University of Wisconsin–Madison faculty and instructional staff are constantly striving for new, more effective ways to reach “Internet generation” students. Today’s learners are at home in the electronic age: The average 13- to 17-year-old now spends three and a half hours per day on digital media (Internet, games, listening to digital music), according to EDUCAUSE, a nonprofit association whose mission is to advance higher education by promoting the intelligent use of information technology.
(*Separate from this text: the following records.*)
lemma finite_mlen: "finite {a :: 3 \<Rightarrow> nat. mlen a = p}"
proof -
  have "{a :: 3 \<Rightarrow> nat. mlen a = p} \<subseteq> Pi\<^sub>E UNIV (\<lambda>_. {..p})"
    using le_mlen by (auto simp: PiE_UNIV_domain)
  moreover have "finite (Pi\<^sub>E (UNIV :: 3 set) (\<lambda>_. {..p}))" by (rule finite_PiE) auto
  ultimately show ?thesis by (rule finite_subset)
qed

lemma dpow_le_absD: "mlen a = p \<Longrightarrow> \<bar>dpow a (rpow b f) y\<bar> \<le> absD p (mlen b) f y"
proof -
  assume a: "mlen a = p"
  have "\<bar>dpow a (rpow b f) y\<bar> \<le> (\<Sum>b'\<in>{b'. mlen b' = mlen b}. \<bar>dpow a (rpow b' f) y\<bar>)"
    by (rule member_le_sum[where f="\<lambda>b'. \<bar>dpow a (rpow b' f) y\<bar>"]) (auto intro: finite_mlen)
  also have "\<dots> \<le> absD p (mlen b) f y"
    unfolding absD_def
    by (rule member_le_sum[where f="\<lambda>a'. \<Sum>b'\<in>{b'. mlen b' = mlen b}. \<bar>dpow a' (rpow b' f)
        y\<bar>"])
       (use a in \<open>auto intro: finite_mlen sum_nonneg\<close>)
  finally show ?thesis .
qed

lemma canon_word_le_absD_sum: "mlen a = p \<Longrightarrow> mlen b < r \<Longrightarrow> \<bar>word_apply
    (canon_word a b) f y\<bar> \<le> absD_sum p r f y"
proof -
  assume a: "mlen a = p" and b: "mlen b < r"
  have "\<bar>word_apply (canon_word a b) f y\<bar> \<le> absD p (mlen b) f y" unfolding word_apply_canon_word by
      (rule dpow_le_absD[OF a])
  also have "\<dots> \<le> absD_sum p r f y" unfolding absD_sum_def
    by (rule member_le_sum[where f="\<lambda>j. absD p j f y"]) (use b in \<open>auto intro: absD_nonneg\<close>)
  finally show ?thesis .
qed

lemma lc_apply_le: "canonical_lc p r L \<Longrightarrow> \<bar>lc_apply L f y\<bar> \<le>
    (\<Sum>(c,v)\<leftarrow>L. \<bar>c\<bar>) * absD_sum p r f y"
proof (induction L)
  case (Cons cv L)
  obtain c v where cv: "cv = (c, v)" by fastforce
  obtain a b where ab: "v = canon_word a b" "mlen a = p" "mlen b < r" using Cons.prems cv unfolding
      canonical_lc_def by auto
  have gL: "canonical_lc p r L" using Cons.prems unfolding canonical_lc_def by auto
  have "\<bar>lc_apply (cv # L) f y\<bar> \<le> \<bar>c\<bar> * \<bar>word_apply v f y\<bar> + \<bar>lc_apply L f
      y\<bar>"
    by (simp add: cv abs_mult[symmetric] abs_triangle_ineq)
  also have "\<dots> \<le> \<bar>c\<bar> * absD_sum p r f y + (\<Sum>(c,v)\<leftarrow>L. \<bar>c\<bar>) * absD_sum
      p r f y"
    using canon_word_le_absD_sum[OF ab(2,3), of f y] Cons.IH[OF gL] ab(1) by (intro add_mono mult_left_mono) auto
  finally show ?case by (simp add: cv algebra_simps)
qed simp

lemma canonical_rep_bounded: "canonical_rep U p r F \<Longrightarrow> bounded_by U p r F"
  unfolding canonical_rep_def bounded_by_def using lc_apply_le by metis

lemma bounded_by_add: assumes "bounded_by U p r F" "bounded_by U p r H" shows "bounded_by U p r (\<lambda>f y. F f
    y + H f y)"
proof -
  obtain K1 where K1: "\<And>f y. smooth_on U f \<Longrightarrow> y \<in> U \<Longrightarrow> \<bar>F f y\<bar>
      \<le> K1 * absD_sum p r f y" using assms(1) unfolding bounded_by_def by blast
  obtain K2 where K2: "\<And>f y. smooth_on U f \<Longrightarrow> y \<in> U \<Longrightarrow> \<bar>H f y\<bar>
      \<le> K2 * absD_sum p r f y" using assms(2) unfolding bounded_by_def by blast
  show ?thesis unfolding bounded_by_def
    by (rule exI[of _ "K1 + K2"]) (auto simp: algebra_simps intro!: order_trans[OF abs_triangle_ineq] add_mono K1 K2)
qed

lemma bounded_by_coef: assumes "bounded_by U p r F" "\<And>y. y \<in> U \<Longrightarrow> \<bar>c y\<bar> \<le> M"
    shows "bounded_by U p r (\<lambda>f y. c y * F f y)"
proof -
  obtain K where K: "\<And>f y. smooth_on U f \<Longrightarrow> y \<in> U \<Longrightarrow> \<bar>F f y\<bar> \<le>
      K * absD_sum p r f y" using assms(1) unfolding bounded_by_def by blast
  have "\<bar>c y * F f y\<bar> \<le> (\<bar>M\<bar> * K) * absD_sum p r f y" if "smooth_on U f" "y \<in> U" for f y
  proof -
    have "\<bar>c y * F f y\<bar> = \<bar>c y\<bar> * \<bar>F f y\<bar>" by (simp add: abs_mult)
    also have "\<dots> \<le> \<bar>M\<bar> * (K * absD_sum p r f y)"
      by (rule mult_mono) (use assms(2)[of y] K[OF that] that in auto)
    finally show ?thesis by (simp add: algebra_simps)
  qed
  thus ?thesis unfolding bounded_by_def by blast
qed

lemma bounded_by_cmult: "bounded_by U p r F \<Longrightarrow> bounded_by U p r (\<lambda>f y. c * F f y)"
  using bounded_by_coef[of U p r F "\<lambda>y. c" "\<bar>c\<bar>"] by simp

lemma bounded_by_zero: "bounded_by U p r (\<lambda>f y. 0)"
  unfolding bounded_by_def by (rule exI[of _ 0]) simp

lemma bounded_by_diff: "bounded_by U p r F \<Longrightarrow> bounded_by U p r H \<Longrightarrow> bounded_by U p r
    (\<lambda>f y. F f y - H f y)"
  using bounded_by_add[of U p r F "\<lambda>f y. (-1) * H f y"] bounded_by_cmult[of U p r H "-1"] by simp

lemma bounded_by_sum_list: "(\<And>v. v \<in> set L \<Longrightarrow> bounded_by U p r (H v)) \<Longrightarrow>
    bounded_by U p r (\<lambda>f y. \<Sum>v\<leftarrow>L. H v f y)"
proof (induction L)
  case Nil thus ?case using bounded_by_zero by simp
next
  case (Cons v L)
  thus ?case using bounded_by_add[of U p r "H v" "\<lambda>f y. \<Sum>v\<leftarrow>L. H v f y"] by simp
qed

lemma bounded_by_sum3: "(\<And>l. bounded_by U p r (H l)) \<Longrightarrow> bounded_by U p r (\<lambda>f y.
    \<Sum>l\<in>(UNIV::3 set). H l f y)"
  unfolding sum_3 by (intro bounded_by_add) auto

lemma word_bounded:
  assumes U: "open U" and "num_Par w = p" "num_Rot w < r"
  shows "bounded_by U p r (word_apply w)"
proof -
  obtain L where "normal_form U w L" using normal_order[OF U] by blast
  then show ?thesis by (intro canonical_rep_bounded canonical_rep_word) (use assms in auto)
qed

lemma word_diff_bounded:
  assumes U: "open U" and "count_Par w1 = count_Par w2" "count_Rot w1 = count_Rot w2" "num_Par w1 = p" "num_Rot w1
      \<le> r"
  shows "bounded_by U p r (\<lambda>f y. word_apply w1 f y - word_apply w2 f y)"
proof -
  obtain L1 L2 where L1: "normal_form U w1 L1" and L2: "normal_form U w2 L2"
    using normal_order[OF U] by blast
  have "num_Par w2 = num_Par w1" "num_Rot w2 = num_Rot w1"
    using assms(2,3) mlen_count_Par mlen_count_Rot by metis+
  then have "canonical_lc p r L1" "canonical_lc p r L2"
    using L1 L2 canonical_lc_mono[of p "num_Rot w1" _ r] assms(4,5) unfolding normal_form_def by auto
  then have "canonical_lc p r (L1 @ lc_scale (-1) L2)"
    by (simp add: canonical_lc_append canonical_lc_scale)
  moreover have "word_apply w1 G z - word_apply w2 G z = lc_apply (L1 @ lc_scale (-1) L2) G z"
    if "smooth_on U G" "z \<in> U" for G z
    using L1 L2 that assms(2,3) unfolding normal_form_def by (simp add: lc_apply_append lc_apply_scale)
  ultimately show ?thesis
    unfolding canonical_rep_def by (intro canonical_rep_bounded) (unfold canonical_rep_def, blast)
qed

lemma lc_apply_bounded:
  assumes U: "open U" and "\<forall>(c,v)\<in>set L. num_Par v = p \<and> num_Rot v < r"
  shows "bounded_by U p r (lc_apply L)"
  using assms(2)
proof (induction L)
  case Nil thus ?case using bounded_by_zero[of U p r] by simp
next
  case (Cons cv L)
  obtain c v where cv: "cv = (c, v)" by fastforce
  have "bounded_by U p r (\<lambda>f y. c * word_apply v f y + lc_apply L f y)"
    using Cons cv by (intro bounded_by_add bounded_by_cmult word_bounded[OF U]) auto
  thus ?case by (simp add: cv)
qed

lemma bounded_by_scaled_add: assumes "bounded_by_scaled U n p r F" "bounded_by_scaled U n p r H" shows
    "bounded_by_scaled U n p r (\<lambda>f y. F f y + H f y)"
proof -
  obtain K1 where K1: "\<And>f y. smooth_on U f \<Longrightarrow> y \<in> U \<Longrightarrow> \<bar>F f y\<bar>
      \<le> K1 * real n * absD_sum p r f y" using assms(1) unfolding bounded_by_scaled_def by blast
  obtain K2 where K2: "\<And>f y. smooth_on U f \<Longrightarrow> y \<in> U \<Longrightarrow> \<bar>H f y\<bar>
      \<le> K2 * real n * absD_sum p r f y" using assms(2) unfolding bounded_by_scaled_def by blast
  have "\<bar>F f y + H f y\<bar> \<le> (K1 + K2) * real n * absD_sum p r f y" if "smooth_on U f" "y \<in> U" for f y
  proof -
    have "\<bar>F f y + H f y\<bar> \<le> \<bar>F f y\<bar> + \<bar>H f y\<bar>" by (rule abs_triangle_ineq)
    also have "\<dots> \<le> K1 * real n * absD_sum p r f y + K2 * real n * absD_sum p r f y" by (intro add_mono K1
        K2 that)
    finally show ?thesis by (simp add: algebra_simps)
  qed
  thus ?thesis unfolding bounded_by_scaled_def by blast
qed

lemma bounded_by_scaled_cmult: assumes "bounded_by_scaled U n p r F" shows "bounded_by_scaled U n p r (\<lambda>f
    y. c * F f y)"
proof -
  obtain K where K: "\<And>f y. smooth_on U f \<Longrightarrow> y \<in> U \<Longrightarrow> \<bar>F f y\<bar> \<le>
      K * real n * absD_sum p r f y" using assms unfolding bounded_by_scaled_def by blast
  have "\<bar>c * F f y\<bar> \<le> (\<bar>c\<bar> * K) * real n * absD_sum p r f y" if "smooth_on U f" "y \<in> U"
      for f y
    using mult_left_mono[OF K[OF that], of "\<bar>c\<bar>"] by (simp add: abs_mult algebra_simps)
  thus ?thesis unfolding bounded_by_scaled_def by blast
qed

lemma bounded_by_scaled_diff: "bounded_by_scaled U n p r F \<Longrightarrow> bounded_by_scaled U n p r H
    \<Longrightarrow> bounded_by_scaled U n p r (\<lambda>f y. F f y - H f y)"
  using bounded_by_scaled_add[of U n p r F "\<lambda>f y. (-1) * H f y"] bounded_by_scaled_cmult[of U n p r H "-1"]
      by simp

lemma bounded_by_scaled_sum3: "(\<And>l. bounded_by_scaled U n p r (H l)) \<Longrightarrow> bounded_by_scaled U n p
    r (\<lambda>f y. \<Sum>l\<in>(UNIV::3 set). H l f y)"
  unfolding sum_3 by (intro bounded_by_scaled_add) auto

lemma bounded_by_scaled_sum_list:
  assumes "\<And>v. v \<in> set L \<Longrightarrow> bounded_by U p r (H v)" and "L \<noteq> [] \<Longrightarrow> n
      \<ge> 1"
  shows "bounded_by_scaled U n p r (\<lambda>f y. \<Sum>v\<leftarrow>L. H v f y)"
proof (cases "L = []")
  case True thus ?thesis unfolding bounded_by_scaled_def by (intro exI[of _ 0]) simp
next
  case False
  obtain K where K: "\<And>f y. smooth_on U f \<Longrightarrow> y \<in> U \<Longrightarrow>
      \<bar>\<Sum>v\<leftarrow>L. H v f y\<bar> \<le> K * absD_sum p r f y"
    using bounded_by_sum_list[of L U p r H] assms(1) unfolding bounded_by_def by blast
  have n: "real n \<ge> 1" using assms(2) False by simp
  have "\<bar>\<Sum>v\<leftarrow>L. H v f y\<bar> \<le> \<bar>K\<bar> * real n * absD_sum p r f y" if "smooth_on U
      f" "y \<in> U" for f y
  proof -
    have "K * absD_sum p r f y \<le> \<bar>K\<bar> * absD_sum p r f y" by (rule mult_right_mono) (auto simp:
        absD_sum_nonneg)
    also have "\<dots> \<le> \<bar>K\<bar> * (real n * absD_sum p r f y)"
    proof (rule mult_left_mono)
      have "1 * absD_sum p r f y \<le> real n * absD_sum p r f y" by (rule mult_right_mono) (use n
          absD_sum_nonneg[of p r f y] in auto)
      thus "absD_sum p r f y \<le> real n * absD_sum p r f y" by simp
    qed simp
    finally show ?thesis using K[OF that] by (simp add: algebra_simps)
  qed
  thus ?thesis unfolding bounded_by_scaled_def by blast
qed

section \<open>Leibniz rules for the coordinates and the weight\<close>

fun drop_Par :: "3 \<Rightarrow> vf list \<Rightarrow> vf list list" where
  "drop_Par l [] = []"
| "drop_Par l (x # u) = (if x = Par l then [u] else []) @ map (\<lambda>v. x # v) (drop_Par l u)"

lemma drop_Par_props: "\<forall>x\<in>set u. is_Par x \<Longrightarrow> v \<in> set (drop_Par l u) \<Longrightarrow>
   (\<forall>x\<in>set v. is_Par x) \<and> Suc (length v) = length u \<and> count_Par u = (\<lambda>m. count_Par v
       m + (if m = l then 1 else 0)) \<and> count_Rot v = count_Rot u"
proof (induction u arbitrary: v)
  case (Cons x u)
  show ?case
  proof (cases "v = u \<and> x = Par l")
    case True thus ?thesis using Cons.prems by (auto simp: count_Par_Cons count_Rot_Cons fun_eq_iff)
  next
    case False
    then obtain v0 where "v = x # v0" "v0 \<in> set (drop_Par l u)" using Cons.prems(2) by (auto split: if_splits)
    thus ?thesis using Cons.IH[of v0] Cons.prems(1) by (auto simp: count_Par_Cons count_Rot_Cons fun_eq_iff)
  qed
qed simp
The Division of Information Technology (DoIT) has responded to this need by granting 80 Engage Awards to help UW–Madison instructors integrate podcasting into their teaching efforts. The awards included $800 and up to 10 hours of instructional technology support.

Podcasting is transforming both student and faculty learning and is providing unprecedented mobility for anytime, anywhere learning. UW–Madison faculty are using their podcasting awards this spring and fall to

  • provide portable access to course sound files (e.g., bird songs, historical speeches, music performance demonstrations);
  • elaborate on concepts and provide summaries of research results in class (e.g., interview experts, explain new examples, relevant research findings);
  • combine pedagogy and entertainment into new lessons for foreign language, such as mock radio shows and interviews with celebrities in the target language; and
  • give tips on completing assignments or preparing for class activities.

“There’s something more personal, more direct about hearing a professor’s voice on a podcast that you don’t always get in a large lecture hall with several hundred other students,” says Erin Lee Lesselyoung, a fourth-year art major.

Podcasting is a technology that makes it easy to deliver and receive digital audio files. Podcasts are often spoken-word recordings created by instructors to augment learning, but they can also be other audio recordings such as biological sounds or musical demonstrations. Instuctors place audio files on a Web server, and listeners use the same methods they use for accessing digital music to download and listen to podcasts on an MP3 player or computer.